The fidelity of the stethoscope used and of the hearing of the clinician directly control the measurement accuracy.
The sphygmomanometer is therefore a relatively inaccurate subjective measurement of blood pressure. However, it is non-invasive, easy to perform and the instrumentation required is cheap. This is the type of blood pressure measurement performed in the front line of medical practice, the fault finding level. Measurements with greater accuracy require invasive techniques.
There is a number of different methods of determining the point at which blood begins to flow again other than detecting the Korotkoff sounds. As before, pressure in a cuff cuts off the blood flow. As pressure is decreased the blood flow resumes when the cuff pressure is approximately equal to the systolic pressure. This flow may be detected by a Doppler ultrasound blood flow detector (see Section 9.3). The Doppler device produces an audible output which is proportional to the blood flow velocity.
A transducer may be used to measure vibrations in the cuff which recommence as the cuff pressure approximately equals the systolic blood pressure. The vibration in the cuff reaches a maximum at a point when the pressure in the cuff is equal to the average blood pressure, and decreases and disappears when the cuff pressure is equal to the diastolic pressure.

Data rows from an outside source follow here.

text \<open>Each new vertex takes the smallest reserve index still available; the last conclusion records
  the reserve that remains.\<close>

lemma extend_tine_adversarially:
  assumes Fk: "is_fork w F" and t: "t \<in> verts F"
  shows "g \<le> card {i. adv_idx w i \<and> label F t < i} \<Longrightarrow>
    \<exists>G e. is_fork w G \<and> fork_extends F G \<and> (\<forall>v\<in>verts G - verts F. depth G v \<le> depth F t + g) \<and>
      e \<in> verts G \<and> depth G e = depth F t + g \<and> tine_verts G e \<subseteq> tine_verts F t \<union> (verts G - verts F) \<and>
      card {i. adv_idx w i \<and> label F t < i} \<le> g + card {i. adv_idx w i \<and> label G e < i}"
proof (induction g)
  case 0
  show ?case by (intro exI[of _ F] exI[of _ t]) (simp add: Fk t self_in_tine_verts fork_extends_refl)
next
  case (Suc g)
  then obtain G e where G: "is_fork w G" "fork_extends F G" "\<forall>v\<in>verts G - verts F. depth G v \<le> depth F t + g"
    and e: "e \<in> verts G" "depth G e = depth F t + g" "tine_verts G e \<subseteq> tine_verts F t \<union> (verts G - verts F)"
      "card {i. adv_idx w i \<and> label F t < i} \<le> g + card {i. adv_idx w i \<and> label G e < i}"
    by auto
  have "0 < card {i. adv_idx w i \<and> label G e < i}" using e(4) Suc.prems by linarith
  then obtain l where l: "adv_idx w l" "label G e < l"
    and cardA: "card {i. adv_idx w i \<and> label G e < i} = Suc (card {i. adv_idx w i \<and> l < i})"
    by (rule least_adv_idx_greater)
  have TG: "is_tree G" using is_fork_tree[OF G(1)] .
  define x where "x = Suc (Max (verts G))"
  have x: "x \<notin> verts G" unfolding x_def using fresh_vertex[OF TG] .
  let ?H = "add_leaf G x e l"
  have ext: "fork_extends G ?H" using fork_extends_add_leaf[OF TG e(1) x] .
  have "is_fork w ?H" using is_fork_add_leaf[OF TG e(1) x G(1) l] .
  moreover have "fork_extends F ?H" using fork_extends_trans[OF G(2) ext] .
  moreover have "\<forall>v\<in>verts ?H - verts F. depth ?H v \<le> depth F t + Suc g"
  proof
    fix v assume v: "v \<in> verts ?H - verts F"
    show "depth ?H v \<le> depth F t + Suc g"
    proof (cases "v = x")
      case False
      then have "v \<in> verts G - verts F" using v by simp
      then have "depth G v \<le> depth F t + g" using G(3) by blast
      then show ?thesis using depth_add_leaf[OF TG e(1) x, of v l] \<open>v \<in> verts G - verts F\<close> by simp
    qed (use depth_add_leaf_new[OF TG e(1) x] e(2) in simp)
  qed
  moreover have "depth ?H x = depth F t + Suc g"
    using depth_add_leaf_new[OF TG e(1) x] e(2) by simp
  moreover have "tine_verts ?H x \<subseteq> tine_verts F t \<union> (verts ?H - verts F)"
    using tine_verts_add_leaf_new[OF TG e(1) x] e(3) x G(2) unfolding fork_extends_def by auto
  moreover have "card {i. adv_idx w i \<and> label F t < i} \<le> Suc g + card {i. adv_idx w i \<and> label ?H x < i}"
    using e(4) cardA by simp
  ultimately show ?case by (intro exI[of _ ?H] exI[of _ x]) simp
qed

lemma extend_tine_to_height:
  assumes Fk: "is_fork w F" and t: "t \<in> verts F" and r: "0 \<le> reach w F t"
  obtains G e where "is_fork w G" "fork_extends F G" "\<forall>v\<in>verts G - verts F. depth G v \<le> height F"
    "e \<in> verts G" "depth G e = height F" "tine_verts G e \<subseteq> tine_verts F t \<union> (verts G - verts F)"
proof -
  have h: "depth F t + (height F - depth F t) = height F"
    using height_ge[OF is_fork_tree[OF Fk] t] by simp
  then have "height F - depth F t \<le> card {i. adv_idx w i \<and> label F t < i}"
    using r unfolding reach_def reserve_def gap_def by simp
  then show ?thesis using extend_tine_adversarially[OF Fk t] h that by metis
qed

lemma height_fork_extends:
  assumes T: "is_tree F" "is_tree G" and ext: "fork_extends F G"
    and new: "\<forall>v\<in>verts G - verts F. depth G v \<le> height F"
  shows "height G = height F"
proof (rule antisym)
  have "depth G v \<le> height F" if "v \<in> verts G" for v
    using that new height_ge[OF T(1)] ext unfolding fork_extends_def by (cases "v \<in> verts F") auto
  then show "height G \<le> height F" using height_attained[OF T(2)] by metis
  show "height F \<le> height G"
    using height_attained[OF T(1)] height_ge[OF T(2)] ext unfolding fork_extends_def by (metis subsetD)
qed

lemma mu_fork_nonneg_imp_balanced:
  assumes cF: "closed_fork w F" and nn: "0 \<le> mu_fork w m F"
  shows "\<exists>G. balanced w m G"
proof -
  have Fk: "is_fork w F" using cF unfolding closed_fork_def by simp
  have T: "is_tree F" using is_fork_tree[OF Fk] .
  obtain t1 t2 where t: "t1 \<in> verts F" "t2 \<in> verts F" and dj: "disjoint_over m F t1 t2"
    and mu: "mu_fork w m F = min (reach w F t1) (reach w F t2)"
    using mu_fork_greatest(1)[OF T] by blast
  obtain G1 e1 where G1: "is_fork w G1" "fork_extends F G1" "\<forall>v\<in>verts G1 - verts F. depth G1 v \<le> height F"
    and e1: "e1 \<in> verts G1" "depth G1 e1 = height F" "tine_verts G1 e1 \<subseteq> tine_verts F t1 \<union> (verts G1 - verts F)"
    using extend_tine_to_height[OF Fk t(1)] nn unfolding mu by auto
  have h1: "height G1 = height F" using height_fork_extends[OF T is_fork_tree[OF G1(1)] G1(2,3)] .
  have t2: "t2 \<in> verts G1" "reach w G1 t2 = reach w F t2" "tine_verts G1 t2 = tine_verts F t2"
    using G1(2) t(2) h1 unfolding fork_extends_def reach_def reserve_def gap_def by auto
  obtain G2 e2 where G2: "is_fork w G2" "fork_extends G1 G2" "\<forall>v\<in>verts G2 - verts G1. depth G2 v \<le> height G1"
    and e2: "e2 \<in> verts G2" "depth G2 e2 = height G1" "tine_verts G2 e2 \<subseteq> tine_verts F t2 \<union> (verts G2 - verts G1)"
    using extend_tine_to_height[OF G1(1) t2(1)] nn t2(2,3) unfolding mu by auto
  have h2: "height G2 = height G1" using height_fork_extends[OF is_fork_tree[OF G1(1)] is_fork_tree[OF G2(1)] G2(2,3)] .
  have ext: "fork_extends F G2" using fork_extends_trans[OF G1(2) G2(2)] .
  have "disjoint_over m G2 e1 e2"
    unfolding disjoint_over_def
  proof (intro ballI impI)
    fix u assume u: "u \<in> tine_verts G2 e1 \<inter> tine_verts G2 e2" and nz: "u \<noteq> 0"
    have sub: "tine_verts F t1 \<subseteq> verts F" "tine_verts F t2 \<subseteq> verts F"
      using tine_verts_subset_verts[OF T] t by auto
    have "u \<in> tine_verts F t1 \<union> (verts G1 - verts F)" using u G2(2) e1 unfolding fork_extends_def by auto
    then have "u \<in> tine_verts F t1" "u \<in> tine_verts F t2"
      using u e2(3) sub G1(2) unfolding fork_extends_def by auto
    then show "label G2 u \<le> m" using dj nz sub ext unfolding disjoint_over_def fork_extends_def by auto
  qed
  moreover have "depth G2 e1 = height G2" "depth G2 e2 = height G2"
    using G2(2) e1(1,2) e2(2) h1 h2 unfolding fork_extends_def by auto
  ultimately have "balanced w m G2"
    unfolding balanced_def using G2(1,2) e1(1) e2(1) unfolding fork_extends_def by blast
  then show ?thesis by blast
qed

lemma ex_balanced_iff_mu_nonneg: "(\<exists>F. balanced (x @ y) (length x) F) \<longleftrightarrow> 0 \<le> mu x y"
proof
  assume "\<exists>F. balanced (x @ y) (length x) F"
  then obtain G where "closed_fork (x @ y) G" "0 \<le> mu_fork (x @ y) (length x) G"
    using balanced_imp_mu_fork_nonneg by metis
  then show "0 \<le> mu x y" using mu_greatest(2) by fastforce
next
  assume "0 \<le> mu x y"
  moreover obtain F where "closed_fork (x @ y) F" "mu x y = mu_fork (x @ y) (length x) F"
    using mu_greatest(1) by blast
  ultimately show "\<exists>F. balanced (x @ y) (length x) F" using mu_fork_nonneg_imp_balanced by simp
qed

section \<open>Detecting Catalan slots by scanning the walk\<close>

definition walk :: "bool list \<Rightarrow> nat \<Rightarrow> int" where
  "walk w j = int (card {i. i \<le> j \<and> adv_idx w i}) - int (card {i. i \<le> j \<and> hon_idx w i})"

definition walk_min :: "bool list \<Rightarrow> int" where
  "walk_min p = Min (walk p ` {..length p})"

lemma card_le_split:
  fixes a c :: nat
  assumes "a \<le> c"
  shows "card {i. i \<le> c \<and> P i} = card {i. i \<le> a \<and> P i} + card {i. a < i \<and> i \<le> c \<and> P i}"
proof -
  have "{i. i \<le> c \<and> P i} = {i. i \<le> a \<and> P i} \<union> {i. a < i \<and> i \<le> c \<and> P i}" using assms by auto
  moreover have "finite {i. a < i \<and> i \<le> c \<and> P i}" by simp
  ultimately show ?thesis by (simp add: card_Un_disjoint disjoint_iff)
qed

lemma walk_diff:
  "a \<le> c \<Longrightarrow> walk w c - walk w a =
     int (card {i. a < i \<and> i \<le> c \<and> adv_idx w i}) - int (card {i. a < i \<and> i \<le> c \<and> hon_idx w i})"
  unfolding walk_def using card_le_split[of a c] by simp

lemma walk_zero [simp]: "walk w 0 = 0"
proof -
  have empty: "{i. i \<le> 0 \<and> adv_idx w i} = {}" "{i. i \<le> 0 \<and> hon_idx w i} = {}"
    unfolding adv_idx_def hon_idx_def by auto
  show ?thesis unfolding walk_def empty by simp
qed

lemma card_le_Suc: "card {i. i \<le> Suc j \<and> P i} = card {i. i \<le> j \<and> P i} + (if P (Suc j) then 1 else 0)"
proof -
  have "{i. i \<le> Suc j \<and> P i} =
      (if P (Suc j) then insert (Suc j) {i. i \<le> j \<and> P i} else {i. i \<le> j \<and> P i})"
    by (auto simp: le_Suc_eq)
  then show ?thesis by simp
qed

lemma walk_Suc:
  "walk w (Suc j) = walk w j + (if adv_idx w (Suc j) then 1 else 0) - (if hon_idx w (Suc j) then 1 else 0)"
  unfolding walk_def card_le_Suc by simp

lemma adv_idx_snoc: "adv_idx (p @ [b]) i \<longleftrightarrow> adv_idx p i \<or> (i = Suc (length p) \<and> b)"
  unfolding adv_idx_def by (auto simp: nth_append le_Suc_eq)

lemma hon_idx_snoc: "hon_idx (p @ [b]) i \<longleftrightarrow> hon_idx p i \<or> (i = Suc (length p) \<and> \<not> b)"
  unfolding hon_idx_def by (auto simp: nth_append le_Suc_eq)

lemma walk_snoc: "j \<le> length p \<Longrightarrow> walk (p @ [b]) j = walk p j"
  unfolding walk_def adv_idx_snoc hon_idx_snoc by (auto intro!: arg_cong2[where f = "\<lambda>A B. int (card A) - int (card B)"])

lemma walk_snoc_last: "walk (p @ [b]) (Suc (length p)) = walk p (length p) + (if b then 1 else -1)"
  using walk_Suc[of "p @ [b]" "length p"] walk_snoc[of "length p" p b]
  by (simp add: adv_idx_snoc hon_idx_snoc adv_idx_def hon_idx_def)

lemma walk_min_le: "j \<le> length p \<Longrightarrow> walk_min p \<le> walk p j"
  unfolding walk_min_def by auto

lemma walk_min_Nil [simp]: "walk_min [] = 0"
  unfolding walk_min_def by simp

lemma walk_min_snoc: "walk_min (p @ [b]) = min (walk_min p) (walk (p @ [b]) (Suc (length p)))"
proof -
  have "walk (p @ [b]) ` {..length (p @ [b])} = insert (walk (p @ [b]) (Suc (length p))) (walk p ` {..length p})"
    using walk_snoc[of _ p b] by (auto simp: atMost_Suc)
  then show ?thesis unfolding walk_min_def by (simp add: min.commute)
qed

lemma catalan_slot_of_walk:
  assumes h: "1 \<le> h" "h \<le> length w"
    and before: "\<And>j. j < h \<Longrightarrow> walk w h < walk w j"
    and after: "\<And>b. h \<le> b \<Longrightarrow> b \<le> length w \<Longrightarrow> walk w b \<le> walk w h"
  shows "catalan_slot w h"
  unfolding catalan_slot_def
proof (intro conjI allI impI)
  have "walk w h < walk w (h - 1)" using before h by simp
  moreover have "walk w h = walk w (h - 1) + (if adv_idx w h then 1 else 0) - (if hon_idx w h then 1 else 0)"
    using walk_Suc[of w "h - 1"] h(1) by simp
  ultimately have "\<not> adv_idx w h" by (auto split: if_splits)
  then show "hon_idx w h" using h unfolding hon_idx_def adv_idx_def by auto
next
  fix a b assume ab: "a < h" "h < b" "b \<le> Suc (length w)"
  have "h \<le> b - 1" "b - 1 \<le> length w" "a \<le> b - 1" using ab by auto
  then have "walk w (b - 1) < walk w a" using before[of a] after[of "b - 1"] ab(1) by simp
  moreover have "{i. a < i \<and> i \<le> b - 1 \<and> P i} = {i. a < i \<and> i < b \<and> P i}" for P using ab by auto
  ultimately show "card {i. a < i \<and> i < b \<and> adv_idx w i} < card {i. a < i \<and> i < b \<and> hon_idx w i}"
    using walk_diff[OF \<open>a \<le> b - 1\<close>, of w] by simp
qed

text \<open>In state \<open>Searching d\<close> no candidate
  slot after position m is known and the walk is d above its running minimum; in state \<open>Found u v\<close>
  the candidate is a strict new minimum h > m, the walk is u below it and it is v above the running
  minimum.  A candidate survives exactly until the walk climbs above it.\<close>

datatype scan_state = Searching nat | Found nat nat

Instruments which perform non invasive measurement of blood pressure have been developed which use both the vibration principle and the detection of Korotkoff's sounds. In both cases the cuff is automatically inflated and the vibration signal detected by transducer located in the cuff. These machines provide measurements of the systolic, average and diastolic blood pressures. However, these machines perform badly in the presence of other vibration signals.

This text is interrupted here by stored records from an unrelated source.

lemma ssp_imp_signed_blocks:
  assumes "ssp T \<pi>" "T \<subseteq> {1..int n}"
  shows "signed_blocks n \<pi>"
proof -
  have ne: "\<forall>i<length \<pi>. \<pi> ! i \<noteq> {}"
    and disj: "\<forall>i<length \<pi>. \<forall>j<length \<pi>. i \<noteq> j \<longrightarrow>
                 \<pi> ! i \<inter> \<pi> ! j = {} \<and> neg_set (\<pi> ! i) \<inter> neg_set (\<pi> ! j) = {}"
    and disj_neg: "\<forall>i<length \<pi>. \<forall>j<length \<pi>. \<pi> ! i \<inter> neg_set (\<pi> ! j) = {}"
    and cover: "\<Union>(set \<pi>) \<union> \<Union>(neg_set ` set \<pi>) = T \<union> neg_set T"
    and sorted: "sorted (map min_abs \<pi>)"
    using assms(1) unfolding ssp_def min_abs_def[abs_def] by simp_all
  have "inj_on (abs \<circ> snd) (entries \<pi>)"
  proof (rule inj_onI, clarsimp)
    fix i j x y assume "(i, x) \<in> entries \<pi>" "(j, y) \<in> entries \<pi>" "\<bar>x\<bar> = \<bar>y\<bar>"
    then have ij: "i < length \<pi>" "j < length \<pi>" "x \<in> \<pi> ! i" "y \<in> \<pi> ! j"
      by (auto simp: mem_entries)
    have "x \<notin> neg_set (\<pi> ! j)"
      using disj_neg ij by blast
    then have "y \<noteq> -x"
      using ij(4) unfolding neg_set_def by (metis image_eqI minus_minus)
    with \<open>\<bar>x\<bar> = \<bar>y\<bar>\<close> have "x = y" by arith
    then show "i = j \<and> x = y" using disj ij by blast
  qed
  moreover have "abs ` \<Union>(set \<pi>) \<subseteq> {1..int n}"
  proof
    fix y assume "y \<in> abs ` \<Union>(set \<pi>)"
    then obtain x where "y = \<bar>x\<bar>" "x \<in> \<Union>(set \<pi>)" by blast
    then have "x \<in> T \<or> -x \<in> T" using cover by (auto simp: neg_set_def)
    then show "y \<in> {1..int n}" using assms(2) \<open>y = \<bar>x\<bar>\<close> by auto
  qed
  moreover have "\<forall>B\<in>set \<pi>. B \<noteq> {}" using ne by (auto simp: in_set_conv_nth)
  ultimately show ?thesis using sorted unfolding signed_blocks_def abs_snd_entries by blast
qed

5.3. Invasive Measurement of Blood Pressure
Invasive blood pressure measurement allows more accurate blood pressure measurement, dynamic measurement and measurement of pressure at specific points in the circulation system.
5.3.1. Catheter Measurement
Invasive measurement of blood pressure is routinely performed using a catheter transducer.

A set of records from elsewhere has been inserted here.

lemma aluffi_torsion_free_iff_lin_comb:
  assumes "\<And>i. i < m \<Longrightarrow> f i \<in> I"
  shows "aluffi_torsion_free (ideal_gen (f ` {..<m})) I \<longleftrightarrow>
    (\<forall>d. lin_comb f m UNIV \<inter> ideal_pow I (Suc d) \<subseteq> lin_comb f m (ideal_pow I d))"
proof -
  have sub: "lin_comb f m (ideal_pow I d) \<subseteq> lin_comb f m UNIV \<inter> ideal_pow I (Suc d)" for d
    by (intro Int_greatest lin_comb_mono lin_comb_ideal_pow_subset assms) simp_all
  have "aluffi_torsion_free (ideal_gen (f ` {..<m})) I \<longleftrightarrow>
    (\<forall>n\<ge>1. lin_comb f m UNIV \<inter> ideal_pow I n = lin_comb f m (ideal_pow I (n - 1)))"
    unfolding aluffi_torsion_free_def ideal_gen_eq_lin_comb ideal_prod_lin_comb[OF is_ideal_ideal_pow] ..
  also have "\<dots> \<longleftrightarrow>
    (\<forall>d. lin_comb f m UNIV \<inter> ideal_pow I (Suc d) = lin_comb f m (ideal_pow I d))"
    by (rule all_ge_1_iff_all_Suc[of "\<lambda>n k. lin_comb f m UNIV \<inter> ideal_pow I n = lin_comb f m (ideal_pow I k)"])
  also have "\<dots> \<longleftrightarrow>
    (\<forall>d. lin_comb f m UNIV \<inter> ideal_pow I (Suc d) \<subseteq> lin_comb f m (ideal_pow I d))"
    using sub by (simp only: set_eq_subset simp_thms)
  finally show ?thesis .
qed

definition additive_subgroup :: "(nat \<Rightarrow> 'a::comm_ring_1) set \<Rightarrow> bool" where
  "additive_subgroup A \<longleftrightarrow> (\<lambda>i. 0) \<in> A \<and> (\<forall>a\<in>A. \<forall>b\<in>A. (\<lambda>i. a i + b i) \<in> A)
     \<and> (\<forall>a\<in>A. (\<lambda>i. - a i) \<in> A)"

lemma additive_subgroup_zero: "additive_subgroup A \<Longrightarrow> (\<lambda>i. 0) \<in> A"
  by (simp add: additive_subgroup_def)

lemma additive_subgroup_add: "additive_subgroup A \<Longrightarrow> a \<in> A \<Longrightarrow> b \<in> A \<Longrightarrow> (\<lambda>i. a i + b i) \<in> A"
  by (simp add: additive_subgroup_def)

lemma additive_subgroup_diff: "additive_subgroup A \<Longrightarrow> a \<in> A \<Longrightarrow> b \<in> A \<Longrightarrow> (\<lambda>i. a i - b i) \<in> A"
  using additive_subgroup_add[of A a "\<lambda>i. - b i"] by (simp add: additive_subgroup_def)

lemma coset_memI: "v \<in> A \<Longrightarrow> z = (\<lambda>i. x i + v i) \<Longrightarrow> z \<in> coset A x"
  unfolding coset_def by blast

lemma coset_eq_iff:
  assumes A: "additive_subgroup A"
  shows "coset A x = coset A y \<longleftrightarrow> (\<lambda>i. x i - y i) \<in> A"
proof
  assume "coset A x = coset A y"
  moreover have "x \<in> coset A x"
    unfolding coset_def using additive_subgroup_zero[OF A] by force
  ultimately obtain v where "v \<in> A" "x = (\<lambda>i. y i + v i)" unfolding coset_def by blast
  then show "(\<lambda>i. x i - y i) \<in> A" by simp
next
  assume xy: "(\<lambda>i. x i - y i) \<in> A"
  have sub: "coset A x \<subseteq> coset A y" if d: "(\<lambda>i. x i - y i) \<in> A" for x y
  proof
    fix z assume "z \<in> coset A x"
    then obtain v where v: "v \<in> A" "z = (\<lambda>i. x i + v i)" unfolding coset_def by blast
    then have "z = (\<lambda>i. y i + ((x i - y i) + v i))" by (simp add: algebra_simps)
    moreover have "(\<lambda>i. (x i - y i) + v i) \<in> A" using additive_subgroup_add[OF A d v(1)] by simp
    ultimately show "z \<in> coset A y" by (rule coset_memI[rotated])
  qed
  have "(\<lambda>i. y i - x i) \<in> A"
    using additive_subgroup_diff[OF A additive_subgroup_zero[OF A] xy] by simp
  then show "coset A x = coset A y" using sub xy by blast
qed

An incision is made in the patient and a catheter is introduced into the circulation system. A catheter is an open ended tube used to couple the pressure inside the patient to an external transducer: in other circumstances catheters may be used for drug infusion or drainage.
The catheter may be introduced into either the arterial or the venous system depending on the point at which the measurement is to be performed. The most common points of incision are in the neck, arm or groin, as these sites have large veins and arteries which are close to the skin's surface.
The catheter is filled with saline solution and connected to an external pressure transducer (see FIG. 16). The saline filled catheter transmits the pressure at the catheter tip to the external transducer. The housing of the pressure transducer allows the catheter to be regularly flushed with saline solution to prevent blood from clotting at the open end of the tube (clots in the circulation system can obstruct blood flow and cause brain damage or damage to lung function). The transducer housing also allows the connection of a reference pressure source to allow for calibration of the transducer.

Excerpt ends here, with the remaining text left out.